15. A strength of abstraction is that it allows you to reason about concepts which would be challenging to 'instantiate concretely' in whatever sense. Some tools (often, but not always, more symbolic in character) can be disproportionately effective at scaling up intuition in this way. This applies particularly strongly if you care about 'high-dimensional systems' in whichever form.
16. An equality which suggests a useful - maybe even tight - inequality makes everybody happy. Similarly, understanding extremal cases in a practical inequality can be very insightful.
17. Examples give life, pictures give life, new questions give life, new connections give life. Embrace the bigger picture and strive to fit your ideas into it. Hinting well at these connections make it easier to spark creative readings.
18. There are questions and tasks out there which turn out to be genuinely 'impossible to solve' in some more-or-less meaningful way, and it's certainly not your fault that you might have run into one. It is nevertheless healthy to try to learn some of the warning signs eventually.
19. If an object can 'go forwards', then it can often also 'go backwards'. This doesn't always mean simply undoing what you did on the way forwards (an inverse is not generally the same thing as an adjoint). In any given context, it's typically worth understanding what the right 'backwards' equivalent is, as it usually doesn't exist by accident.

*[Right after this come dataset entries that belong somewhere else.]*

lemma kmedoids_cost_eq_sum_point_cost:
  assumes "ms \<noteq> []" "finite X"
  shows "kmedoids_cost d X ms = (\<Sum>j\<in>X. point_cost d ms j)"
proof -
  define Cl where "Cl = (SOME Cl. nearest_assignment d X ms Cl)"
  have near: "nearest_assignment d X ms Cl"
    unfolding Cl_def using nearest_assignment_exists[OF assms(1)] by (rule someI_ex)
  then have "Cl g \<subseteq> X" if "g < length ms" for g
    using that unfolding nearest_assignment_def by blast
  then have fin: "finite (Cl g)" if "g < length ms" for g
    using assms(2) that by (meson finite_subset)
  have "kmedoids_cost d X ms = (\<Sum>g<length ms. \<Sum>j\<in>Cl g. point_cost d ms j)"
    unfolding kmedoids_cost_def Cl_def[symmetric] Let_def
    using point_cost_nearest[OF near] by (intro sum.cong) auto
  also have "\<dots> = (\<Sum>j\<in>(\<Union>g<length ms. Cl g). point_cost d ms j)"
    using near fin unfolding nearest_assignment_def
    by (intro sum.UNION_disjoint[symmetric]) (auto simp: disjoint_iff, metis subsetD)
  also have "(\<Union>g<length ms. Cl g) = X"
    using near unfolding nearest_assignment_def by blast
  finally show ?thesis .
qed

lemma rtranclp_kmedoids_swap_medoids:
  assumes "(kmedoids_swap d X)\<^sup>*\<^sup>* ms0 ms" "distinct ms0" "set ms0 \<subseteq> X"
  shows "distinct ms \<and> set ms \<subseteq> X \<and> length ms = length ms0"
  using assms
proof (induction rule: rtranclp_induct)
  case base
  then show ?case by simp
next
  case (step y z)
  then obtain g j where "g < length y" "j \<in> X" "j \<notin> set y" "z = y[g := j]"
    unfolding kmedoids_swap_def by blast
  with step show ?case
    by (auto simp: distinct_list_update dest: subsetD[OF set_update_subset_insert])
qed

lemma kmedoids_output_swap_optimal:
  assumes "kmedoids_output d X k Cl" "finite X" "1 \<le> k"
  obtains ms where "length ms = k" "distinct ms" "set ms \<subseteq> X" "nearest_assignment d X ms Cl"
    "\<And>g p. g < k \<Longrightarrow> p \<in> X \<Longrightarrow> p \<notin> set ms \<Longrightarrow>
       (\<Sum>j\<in>X. point_cost d ms j) \<le> (\<Sum>j\<in>X. point_cost d (ms[g:=p]) j)"
proof -
  obtain ms0 ms where ms0: "length ms0 = k" "distinct ms0" "set ms0 \<subseteq> X"
    and swaps: "(kmedoids_swap d X)\<^sup>*\<^sup>* ms0 ms" and final: "\<not> (\<exists>ms'. kmedoids_swap d X ms ms')"
    and near: "nearest_assignment d X ms Cl"
    using assms(1) unfolding kmedoids_output_def by blast
  have ms: "distinct ms" "set ms \<subseteq> X" "length ms = k"
    using rtranclp_kmedoids_swap_medoids[OF swaps ms0(2,3)] ms0(1) by auto
  have "(\<Sum>j\<in>X. point_cost d ms j) \<le> (\<Sum>j\<in>X. point_cost d (ms[g:=p]) j)"
    if "g < k" "p \<in> X" "p \<notin> set ms" for g p
  proof -
    have "ms \<noteq> []" "ms[g:=p] \<noteq> []" using ms(3) assms(3) by auto
    moreover have "\<not> kmedoids_cost d X (ms[g := p]) < kmedoids_cost d X ms"
      using final that ms unfolding kmedoids_swap_def by blast
    ultimately show ?thesis using kmedoids_cost_eq_sum_point_cost assms(2) by fastforce
  qed
  with ms near show thesis using that by blast
qed

lemma double_counting_le:
  fixes M :: real
  assumes "finite S" "finite U" "\<And>x. x \<in> S \<Longrightarrow> H x \<subseteq> U"
    and "\<And>z. z \<in> U \<Longrightarrow> card {x\<in>S. z \<in> H x} \<le> M"
  shows "(\<Sum>x\<in>S. real (card (H x))) \<le> card U * M"
proof -
  have "(\<Sum>x\<in>S. real (card (H x))) = (\<Sum>x\<in>S. \<Sum>z\<in>U. of_bool (z \<in> H x))"
  proof (rule sum.cong[OF refl])
    fix x assume "x \<in> S"
    then have "U \<inter> {z. z \<in> H x} = H x" using assms(3) by blast
    then show "real (card (H x)) = (\<Sum>z\<in>U. of_bool (z \<in> H x))" using assms(2) by simp
  qed
  also have "\<dots> = (\<Sum>z\<in>U. real (card {x\<in>S. z \<in> H x}))"
    using assms(1) by (subst sum.swap) (simp add: Int_def)
  also have "\<dots> \<le> card U * M" using sum_bounded_above[of U _ M] assms(4) by simp
  finally show ?thesis .
qed

locale ahlfors_space =
  fixes d :: "nat \<Rightarrow> nat \<Rightarrow> real" and n :: nat and C e :: real
  assumes metric: "fin_metric {..<n} d"
    and ball_lower: "\<And>i r. i < n \<Longrightarrow> 0 < r \<Longrightarrow> min (real n) (r powr e / C) \<le> card (mball {..<n} d r i)"
    and ball_upper: "\<And>i r. i < n \<Longrightarrow> 0 < r \<Longrightarrow> card (mball {..<n} d r i) \<le> max (C * r powr e) 1"
    and e_ge_1: "1 \<le> e" and C_pos: "0 < C"
begin

lemma d_self: "i < n \<Longrightarrow> d i i = 0"
  using metric unfolding fin_metric_def by auto

lemma d_sym: "i < n \<Longrightarrow> j < n \<Longrightarrow> d i j = d j i"
  using metric unfolding fin_metric_def by auto

lemma d_triangle: "i < n \<Longrightarrow> j < n \<Longrightarrow> l < n \<Longrightarrow> d i l \<le> d i j + d j l"
  using metric unfolding fin_metric_def by auto

lemma d_nonneg: "i < n \<Longrightarrow> j < n \<Longrightarrow> 0 \<le> d i j"
  using d_triangle[of i j i] d_self[of i] d_sym[of i j] by auto

lemma d_eq_0_imp_eq: "i < n \<Longrightarrow> j < n \<Longrightarrow> d i j = 0 \<Longrightarrow> i = j"
  using metric unfolding fin_metric_def by auto

definition diam_bound :: real where
  "diam_bound = (C * n) powr (1/e)"

lemma diam_bound_eq: "diam_bound = C powr (1/e) * n powr (1/e)"
  unfolding diam_bound_def using C_pos by (simp add: powr_mult)

lemma d_le_diam_bound:
  assumes "i < n" "j < n"
  shows "d i j \<le> diam_bound"
proof -
  have pos: "0 < C * n" using assms(1) C_pos by simp
  then have "0 < diam_bound" unfolding diam_bound_def powr_gt_zero by linarith
  moreover have "diam_bound powr e = (C * n) powr (1/e * e)"
    unfolding diam_bound_def by (rule powr_powr)
  then have "diam_bound powr e = C * n" using pos e_ge_1 by simp
  then have "diam_bound powr e / C = n" using C_pos by simp
  ultimately have "real n \<le> card (mball {..<n} d diam_bound i)"
    using ball_lower[OF assms(1)] by fastforce
  then have "mball {..<n} d diam_bound i = {..<n}"
    by (intro card_seteq) (auto simp: mball_def)
  then show ?thesis using assms unfolding mball_def by auto
qed

lemma sq_dist_diff_le:
  assumes "i < n" "j < n" "l < n"
  shows "(d i l)^2 - (d j l)^2 \<le> 3 * d i j * diam_bound"
proof -
  have x: "0 \<le> d j l" "d j l \<le> diam_bound" "0 \<le> d i j" "d i j \<le> diam_bound"
    using d_nonneg d_le_diam_bound assms by auto
  have "(d i l)^2 \<le> (d i j + d j l)^2"
    using d_triangle[OF assms] d_nonneg assms by (intro power_mono) auto
  also have "\<dots> = (d j l)^2 + d i j * (d i j + 2 * d j l)"
    by (simp add: power2_eq_square algebra_simps)
  also have "\<dots> \<le> (d j l)^2 + 3 * d i j * diam_bound"
    using x mult_left_mono[of "d i j + 2 * d j l" "3 * diam_bound" "d i j"] by simp
  finally show ?thesis by simp
qed

lemma diam_bound_sq: "diam_bound^2 = C powr (2/e) * n powr (2/e)"
  unfolding diam_bound_eq using C_pos
  by (cases "n = 0") (simp_all add: power_mult_distrib powr_power)

definition band :: "nat \<Rightarrow> nat \<Rightarrow> real \<Rightarrow> nat set" where
  "band a b t = {j\<in>{..<n}. \<bar>d b j - d a j\<bar> \<le> t}"

lemma band_mono: "t \<le> t' \<Longrightarrow> band a b t \<subseteq> band a b t'"
  unfolding band_def by auto

lemma band_subset: "band a b t \<subseteq> {..<n}"
  unfolding band_def by auto

lemma finite_band: "finite (band a b t)"
  using band_subset by (rule finite_subset) simp

lemma card_mball_ge:
  assumes "i < n" "0 < r" "mball {..<n} d r i \<noteq> {..<n}"
  shows "r powr e / C \<le> card (mball {..<n} d r i)"
proof -
  have "mball {..<n} d r i \<subset> {..<n}" using assms(3) unfolding mball_def by auto
  then have "card (mball {..<n} d r i) < n" using psubset_card_mono[of "{..<n}"] by simp
  then show ?thesis using ball_lower[OF assms(1,2)] by linarith
qed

20. Try not to judge one area's tools by their ability to solve another area's problems. Sometimes this pans out, but an area can be perfectly valuable developing methods for its own purposes. Being 'cool and interesting' is not the same as 'useful for every application', and that's fine.
21. In the vaguest possible terms, it can be the case that i) the ways in which a method works best and ii) the ways in which a method fails worst, can bear no resemblance to one another, even qualitatively.
22. It is surprising just how often 'dynamic; methods can be used to prove things about 'static' objects, just by introducing some fictitious dynamics which shed light upon the static structures at play.